Health disparities and partisanship
The gap in vaccination, as with other important public health aspects of the battle against the pandemic, has laid bare — yet again — big disparities in health care, based on geography. The independent, nonpartisan Commonwealth Fund provides state-by-state data on these inequities, which are glaring in the South and largely rural areas of the country. The fund, in understated language, described the risky lack of vaccination in swaths of the nation this way:
“What accounts for the recent changing pace of vaccination? Several factors are likely at play, but when we compare the patterns of vaccination to the Commonwealth Fund’s annual State Scorecard rankings, it is hard to miss that states that have previously performed well on measures of access and patient engagement are seeing higher rates of vaccine administration, while lower-performing states are progressing more slowly.”
The news site Politico, which hews to its mission of seeing all matters in political terms, had its own take on vaccination disparities, reporting this under the headline, “The partisan divide in vaccinations is starker than you realize”:
“All but one of the 39 congressional districts where at least 60% of residents have received a coronavirus shot are represented by Democrats, according to a Harvard University analysis that presents one of the most detailed looks yet at the partisan split behind the nation’s diverging vaccination drive.
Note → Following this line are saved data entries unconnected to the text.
lemma skew_vec_A_col:
  assumes "i < k" and "j < k" and "n < N" and "q + n < N"
  shows "skew_vec k N M (i, j) \<bullet> A_col k N M n q = 0"
proof -
  let ?c = "\<lambda>m p. if m = n then M $$ (q + n, p) else if m = q + n then M $$ (n, p) else 0"
  have "skew_vec k N M (i, j) \<bullet> A_col k N M n q =
      (\<Sum>m < N. M $$ (m, i) * ?c m j - M $$ (m, j) * ?c m i)"
    using assms by (simp add: skew_vec_scalar_prod A_col_eq_block_vec)
  also have "\<dots> = (\<Sum>m < N. (if m = n then M $$ (n, i) * M $$ (q + n, j) - M $$ (n, j) * M $$ (q + n, i) else 0)
      + (if m = q + n then if q = 0 then 0 else M $$ (q + n, i) * M $$ (n, j) - M $$ (q + n, j) * M $$ (n, i) else 0))"
    by (rule sum.cong) auto
  also have "\<dots> = 0" using assms by (simp add: sum.distrib)
  finally show ?thesis .
qed

(* If L is a left inverse of the leading k x k block of M, the matrix V of dual_vec k N L (a, l)
   satisfies M^T V = e_a e_l^T. *)
definition dual_vec :: "nat \<Rightarrow> nat \<Rightarrow> 'a :: zero mat \<Rightarrow> nat \<times> nat \<Rightarrow> 'a vec" where
  "dual_vec k N L = (\<lambda>(a, l). block_vec k N (\<lambda>m p. if m < k \<and> p = l then L $$ (a, m) else 0))"

lemma skew_vec_dual_vec:
  fixes M L :: "'a :: comm_ring_1 mat"
  assumes "k \<le> N" and L: "L \<in> carrier_mat k k" and inv: "L * mat k k (\<lambda>(i, j). M $$ (i, j)) = 1\<^sub>m k"
    and "i < j" "j < k" and "a < l" "l < k"
  shows "skew_vec k N M (i, j) \<bullet> dual_vec k N L (a, l) = (if (i, j) = (a, l) then 1 else 0)"
proof -
  have LM: "(\<Sum>m < k. L $$ (a, m) * M $$ (m, c)) = (if a = c then 1 else 0)" if "c < k" for c
  proof -
    have "(\<Sum>m < k. L $$ (a, m) * M $$ (m, c)) = (L * mat k k (\<lambda>(i, j). M $$ (i, j))) $$ (a, c)"
      using L that \<open>a < l\<close> \<open>l < k\<close> by (simp add: scalar_prod_def atLeast0LessThan)
    also have "\<dots> = 1\<^sub>m k $$ (a, c)" unfolding inv ..
    finally show ?thesis using assms that by simp
  qed
  have "skew_vec k N M (i, j) \<bullet> dual_vec k N L (a, l) = (\<Sum>m < N.
      if m < k then (if j = l then L $$ (a, m) * M $$ (m, i) else 0)
        - (if i = l then L $$ (a, m) * M $$ (m, j) else 0) else 0)"
    using assms by (auto simp: skew_vec_scalar_prod dual_vec_def mult.commute intro: sum.cong)
  also have "\<dots> = (\<Sum>m < k. (if j = l then L $$ (a, m) * M $$ (m, i) else 0)
        - (if i = l then L $$ (a, m) * M $$ (m, j) else 0))"
    using \<open>k \<le> N\<close> by (simp add: sum.If_cases Int_absorb1 lessThan_subset_iff flip: lessThan_def)
  also have "\<dots> = (if j = l then if a = i then 1 else 0 else 0) - (if i = l then if a = j then 1 else 0 else 0)"
    using assms by (simp add: sum_subtractf LM)
  also have "\<dots> = (if (i, j) = (a, l) then 1 else 0)" using assms by auto
  finally show ?thesis .
qed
By contrast, Republicans represent all but two of the 30 districts where fewer than one-third of residents have received a shot.”
Politico reported, quoting experts from the Kaiser Family Foundation, that communities of color have lagged in getting coronavirus shots — mostly due to access issues, not necessarily for partisan reasons. Blacks and Latinos struggle to find shot providers, to get time off from work to get vaccinated, and they worry about vaccines’ cost, though the inoculations are free. Federal efforts to reach under-served communities are slowly working.
In my practice, I see not only the harms that patients suffer while seeking medical services, but also the damages that can be inflicted on them by an array of awful circumstances and things, including:
- dangerous drugs
- risky and defective products
- abuse and neglect in nursing homes and other long-term care facilities
- and car, motorcycle, and truck crashes.
In these cases, a crowd of problem people and institutions — these can include doctors, hospitals, insurers, regulators, and politicians — may press victims to move on, settle up, and they fast forget the lonely agony of the suffering. It can, however, take a long time for patients to recover from terrible illness or injury. Harms can last a lifetime. Patients may need medical services, as well as financial and other support for months or years. They also need closure and justice for wrongs done, as well as the sense that they may be able to help others avoid the problems that afflicted them.
We are not done with the coronavirus and the huge trauma it has inflicted on us all. Please get vaccinated. All medical interventions carry risk. But vaccines’ benefits long have been shown to far outweigh their harms.
By the way, don’t toss away those face coverings just yet. They may be a good thing to wear in closed, crowded, and poorly ventilated spots, especially as there’s no way to know for now who has gotten vaccinated and who has not. Masks may not be needed outdoors, and they’re less important for the vaccinated.